- _Work task_:
Return each line of the entries that mentions the word "assms".

- _Exercise materials_:
(* Let $\alpha,\beta\in\{-1,0,1\}$, and let $\tilde{C}\in\{0,1\}^{\tilde{K}\times n}$ and $\hat{C}\in\{0,1\}^{\hat{K}\times n}$ be cost matrices of two ordinal objectives on the same $n$ elements. Then the matrix \[ A=\begin{pmatrix}\alpha\,\tilde{C}\\ \beta\,\hat{C}\end{pmatrix} \] is totally unimodular.
   Context: An ordinal objective on $n$ elements with $K$ categories $\eta_1\prec\dots\prec\eta_K$ is given by an assignment $o:\{1,\dots,n\}\to\{\eta_1,\dots,\eta_K\}$; its cost matrix $C\in\{0,1\}^{K\times n}$ has $C_{ji}=1$ if $j\le k$ where $o(i)=\eta_k$, and $C_{ji}=0$ otherwise (each column consists of ones in rows $1,\dots,k$ for some $k\ge1$, followed by zeros). $\tilde{C}$ and $\hat{C}$ are such matrices for assignments $\tilde{o}$ (with $\tilde{K}$ categories) and $\hat{o}$ (with $\hat{K}$ categories). A matrix is totally unimodular if every square submatrix has determinant in $\{-1,0,1\}$. *)

theory Defs
  imports "Jordan_Normal_Form.Determinant" "Jordan_Normal_Form.DL_Submatrix"
begin

text \<open>An ordinal objective on elements 0..n-1 with K categories eta_1 < ... < eta_K
  is an assignment o of a category index in {1..K} to every element i < n.\<close>
definition ordinal_assignment :: "nat \<Rightarrow> nat \<Rightarrow> (nat \<Rightarrow> nat) \<Rightarrow> bool" where
  "ordinal_assignment K n asg \<longleftrightarrow> (\<forall>i<n. 1 \<le> asg i \<and> asg i \<le> K)"

text \<open>Cost matrix (rows/columns 0-indexed): row j (category eta_(j+1)), column i
  has entry 1 iff j+1 \<le> asg i, i.e. j < asg i.\<close>
definition ordinal_cost_matrix :: "nat \<Rightarrow> nat \<Rightarrow> (nat \<Rightarrow> nat) \<Rightarrow> int mat" where
  "ordinal_cost_matrix K n asg = mat K n (\<lambda>(j, i). if j < asg i then 1 else 0)"

definition totally_unimodular :: "int mat \<Rightarrow> bool" where
  "totally_unimodular A \<longleftrightarrow>
     (\<forall>I J. I \<subseteq> {..<dim_row A} \<longrightarrow> J \<subseteq> {..<dim_col A} \<longrightarrow> card I = card J \<longrightarrow>
        det (submatrix A I J) \<in> {-1, 0, 1})"

end

theory Submission
  imports Defs
begin

text \<open>Order the rows of the stacked matrix by placing the rows of the first block in reverse
  order above those of the second. Then the support of every column is a contiguous block of
  rows (the categories below o1 i, followed by those below o2 i), so the matrix is an interval
  matrix with rows scaled by \<alpha> or \<beta>, and every square submatrix is again of this form.
  Its determinant is computed along the row of smallest position: if two columns cover it, subtracting
  the one that ends first from the other shortens the latter so that it no longer covers this row;
  once at most one column covers it, Laplace expansion along the row reduces the size.\<close>

definition interval_mat ::
  "nat \<Rightarrow> nat \<Rightarrow> (nat \<Rightarrow> 'a::comm_ring_1) \<Rightarrow> (nat \<Rightarrow> 'b::linorder) \<Rightarrow> (nat \<Rightarrow> 'b) \<Rightarrow> (nat \<Rightarrow> 'b) \<Rightarrow> 'a mat"
  where "interval_mat k n s p l u = mat k n (\<lambda>(r, c). if l c \<le> p r \<and> p r < u c then s r else 0)"

lemma dim_interval_mat [simp]:
  "dim_row (interval_mat k n s p l u) = k" "dim_col (interval_mat k n s p l u) = n"
  by (simp_all add: interval_mat_def)

lemma interval_mat_carrier [simp]: "interval_mat k n s p l u \<in> carrier_mat k n"
  by (simp add: carrier_matI)

lemma index_interval_mat [simp]:
  "r < k \<Longrightarrow> c < n \<Longrightarrow> interval_mat k n s p l u $$ (r, c) = (if l c \<le> p r \<and> p r < u c then s r else 0)"
  by (simp add: interval_mat_def)

lemma mat_delete_interval_mat:
  "mat_delete (interval_mat (Suc k) (Suc n) s p l u) i j =
     interval_mat k n (s \<circ> insert_index i) (p \<circ> insert_index i) (l \<circ> insert_index j) (u \<circ> insert_index j)"
  by (rule eq_matI) (auto simp: mat_delete_def insert_index_def)

lemma submatrix_interval_mat:
  assumes "I \<subseteq> {..<k}" and "J \<subseteq> {..<n}"
  shows "submatrix (interval_mat k n s p l u) I J =
     interval_mat (card I) (card J) (s \<circ> pick I) (p \<circ> pick I) (l \<circ> pick J) (u \<circ> pick J)"
proof -
  have rows: "{r. r < k \<and> r \<in> I} = I" and cols: "{c. c < n \<and> c \<in> J} = J"
    using assms by auto
  have "pick I r < k" if "r < card I" for r
    using pick_le[of r k I] that by (simp add: rows)
  moreover have "pick J c < n" if "c < card J" for c
    using pick_le[of c n J] that by (simp add: cols)
  ultimately show ?thesis
    by (intro eq_matI) (simp_all add: submatrix_def rows cols)
qed

lemma addcol_interval_mat:
  assumes "a < n" and "\<forall>r<k. l a \<le> p r \<and> l b \<le> p r" and "u a \<le> u b"
  shows "addcol (-1) b a (interval_mat k n s p l u) = interval_mat k n s p (l(b := u a)) u"
  by (rule eq_matI) (use assms in \<open>auto simp: not_less\<close>)

lemma det_zero_row:
  assumes A: "(A :: 'a::comm_ring_1 mat) \<in> carrier_mat n n" and "i < n" and "\<forall>j<n. A $$ (i, j) = 0"
  shows "det A = 0"
  using laplace_expansion_row[OF A \<open>i < n\<close>] assms(3) by simp

lemma det_single_entry_row:
  assumes A: "(A :: 'a::comm_ring_1 mat) \<in> carrier_mat n n" and "i < n" and "j < n"
    and "\<forall>j'<n. j' \<noteq> j \<longrightarrow> A $$ (i, j') = 0"
  shows "det A = A $$ (i, j) * cofactor A i j"
proof -
  have "det A = (\<Sum>j'<n. A $$ (i, j') * cofactor A i j')"
    by (rule laplace_expansion_row[OF A \<open>i < n\<close>])
  also have "\<dots> = A $$ (i, j) * cofactor A i j"
    using assms(3,4) by (subst sum.remove[of _ j]) auto
  finally show ?thesis .
qed

lemma det_interval_mat:
  fixes s :: "nat \<Rightarrow> 'a::comm_ring_1"
  assumes "inj_on p {..<k}" and "\<forall>r<k. s r \<in> {-1, 0, 1}"
  shows "det (interval_mat k k s p l u) \<in> {-1, 0, 1}"
  using assms
proof (induction k arbitrary: s p l u)
  case 0
  show ?case by (simp add: det_def')
next
  case (Suc k)
  obtain r0 where r0: "r0 < Suc k" "\<forall>r<Suc k. p r0 \<le> p r"
    using ex_is_arg_min_if_finite[of "{..<Suc k}" p] by (auto simp: is_arg_min_linorder)
  let ?S = "\<lambda>l. {c. c < Suc k \<and> l c \<le> p r0 \<and> p r0 < u c}"
  have "det (interval_mat (Suc k) (Suc k) s p l u) \<in> {-1, 0, 1}" if "card (?S l) = m" for m l
    using that
  proof (induction m arbitrary: l rule: less_induct)
    case (less m l)
    let ?A = "interval_mat (Suc k) (Suc k) s p l u"
    have fin: "finite (?S l)" by simp
    consider "?S l = {}" | c0 where "?S l = {c0}"
      | a b where "a \<in> ?S l" "b \<in> ?S l" "a \<noteq> b" "u a \<le> u b"
    proof (cases "?S l = {}")
      case False
      then obtain a where "a \<in> ?S l" "\<forall>c\<in>?S l. u a \<le> u c"
        using ex_is_arg_min_if_finite[OF fin, of u] by (auto simp: is_arg_min_linorder)
      then show ?thesis
        using that(2)[of a] that(3)[of a] by blast
    qed
    then show ?case
    proof cases
      case 1
      then have "det ?A = 0"
        using r0 by (intro det_zero_row[of ?A "Suc k" r0]) auto
      then show ?thesis by simp
    next
      case (2 c0)
      then have "c0 \<in> ?S l" by blast
      then have "c0 < Suc k" and "?A $$ (r0, c0) = s r0"
        using r0 by auto
      moreover have "det ?A = ?A $$ (r0, c0) * cofactor ?A r0 c0"
        using r0 2 \<open>c0 < Suc k\<close> by (intro det_single_entry_row[of ?A "Suc k"]) auto
      moreover have "det (mat_delete ?A r0 c0) \<in> {-1, 0, 1}"
        unfolding mat_delete_interval_mat
      proof (rule Suc.IH)
        show "inj_on (p \<circ> insert_index r0) {..<k}"
          using Suc.prems(1) insert_index_inj_on[of r0 "{..<k}"]
          by (auto intro!: comp_inj_on inj_on_subset[OF Suc.prems(1)] simp: insert_index_def)
      qed (use Suc.prems(2) in \<open>auto simp: insert_index_def\<close>)
      ultimately show ?thesis
        using Suc.prems(2) r0 by (auto simp: cofactor_def minus_one_power_iff)
    next
      case (3 a b)
      let ?l = "l(b := u a)"
      have "det ?A = det (addcol (-1) b a ?A)"
        using 3 by (intro det_addcol[symmetric]) auto
      also have "\<dots> = det (interval_mat (Suc k) (Suc k) s p ?l u)"
        using 3 r0 by (subst addcol_interval_mat) force+
      finally have "det ?A = det (interval_mat (Suc k) (Suc k) s p ?l u)" .
      moreover have "?S ?l = ?S l - {b}"
        using 3 by auto
      then have "card (?S ?l) < m"
        using card_Diff1_less[OF fin \<open>b \<in> ?S l\<close>] less.prems by simp
      ultimately show ?thesis
        using less.IH by simp
    qed
  qed
  then show ?case by blast
qed

lemma totally_unimodular_interval_mat:
  assumes "inj_on p {..<k}" and "\<forall>r<k. s r \<in> {-1, 0, 1}"
  shows "totally_unimodular (interval_mat k n s p l u)"
  unfolding totally_unimodular_def
proof (intro allI impI)
  fix I J
  assume I: "I \<subseteq> {..<dim_row (interval_mat k n s p l u)}"
    and J: "J \<subseteq> {..<dim_col (interval_mat k n s p l u)}" and "card I = card J"
  have "inj_on (pick I) {..<card I}"
    by (rule inj_onI) (metis lessThan_iff linorder_neqE_nat pick_mono less_irrefl)
  moreover have "pick I ` {..<card I} \<subseteq> I"
    by (auto intro: pick_in_set)
  ultimately have "inj_on (p \<circ> pick I) {..<card I}"
    using I assms(1) by (simp add: comp_inj_on inj_on_subset)
  moreover have "\<forall>r<card I. (s \<circ> pick I) r \<in> {-1, 0, 1}"
    using \<open>pick I ` {..<card I} \<subseteq> I\<close> I assms(2) by auto
  ultimately have "det (interval_mat (card I) (card I) (s \<circ> pick I) (p \<circ> pick I)
      (l \<circ> pick J) (u \<circ> pick J)) \<in> {-1, 0, 1}"
    by (rule det_interval_mat)
  then show "det (submatrix (interval_mat k n s p l u) I J) \<in> {-1, 0, 1}"
    using I J \<open>card I = card J\<close> by (simp add: submatrix_interval_mat)
qed

theorem theorem1:
  fixes \<alpha> \<beta> :: int and n K1 K2 :: nat and o1 o2 :: "nat \<Rightarrow> nat"
  assumes "\<alpha> \<in> {-1, 0, 1}" and "\<beta> \<in> {-1, 0, 1}"
    and "ordinal_assignment K1 n o1" and "ordinal_assignment K2 n o2"
  shows "totally_unimodular
           ((\<alpha> \<cdot>\<^sub>m ordinal_cost_matrix K1 n o1) @\<^sub>r (\<beta> \<cdot>\<^sub>m ordinal_cost_matrix K2 n o2))"
proof -
  define pos :: "nat \<Rightarrow> int" where "pos r = (if r < K1 then - int r else int (r - K1) + 1)" for r
  define scale :: "nat \<Rightarrow> int" where "scale r = (if r < K1 then \<alpha> else \<beta>)" for r
  have "(\<alpha> \<cdot>\<^sub>m ordinal_cost_matrix K1 n o1) @\<^sub>r (\<beta> \<cdot>\<^sub>m ordinal_cost_matrix K2 n o2) =
      interval_mat (K1 + K2) n scale pos (\<lambda>c. 1 - int (o1 c)) (\<lambda>c. int (o2 c) + 1)"
    by (rule eq_matI)
      (auto simp: append_rows_def ordinal_cost_matrix_def index_mat_four_block pos_def scale_def)
  moreover have "inj_on pos {..<K1 + K2}"
    by (auto simp: inj_on_def pos_def)
  ultimately show ?thesis
    using assms(1,2) by (simp add: totally_unimodular_interval_mat scale_def)
qed

end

- _Task result_:
    using assms by auto
  by (rule eq_matI) (use assms in \<open>auto simp: not_less\<close>)
  using laplace_expansion_row[OF A \<open>i < n\<close>] assms(3) by simp
    using assms(3,4) by (subst sum.remove[of _ j]) auto
  using assms
    using I assms(1) by (simp add: comp_inj_on inj_on_subset)
    using \<open>pick I ` {..<card I} \<subseteq> I\<close> I assms(2) by auto
    using assms(1,2) by (simp add: totally_unimodular_interval_mat scale_def)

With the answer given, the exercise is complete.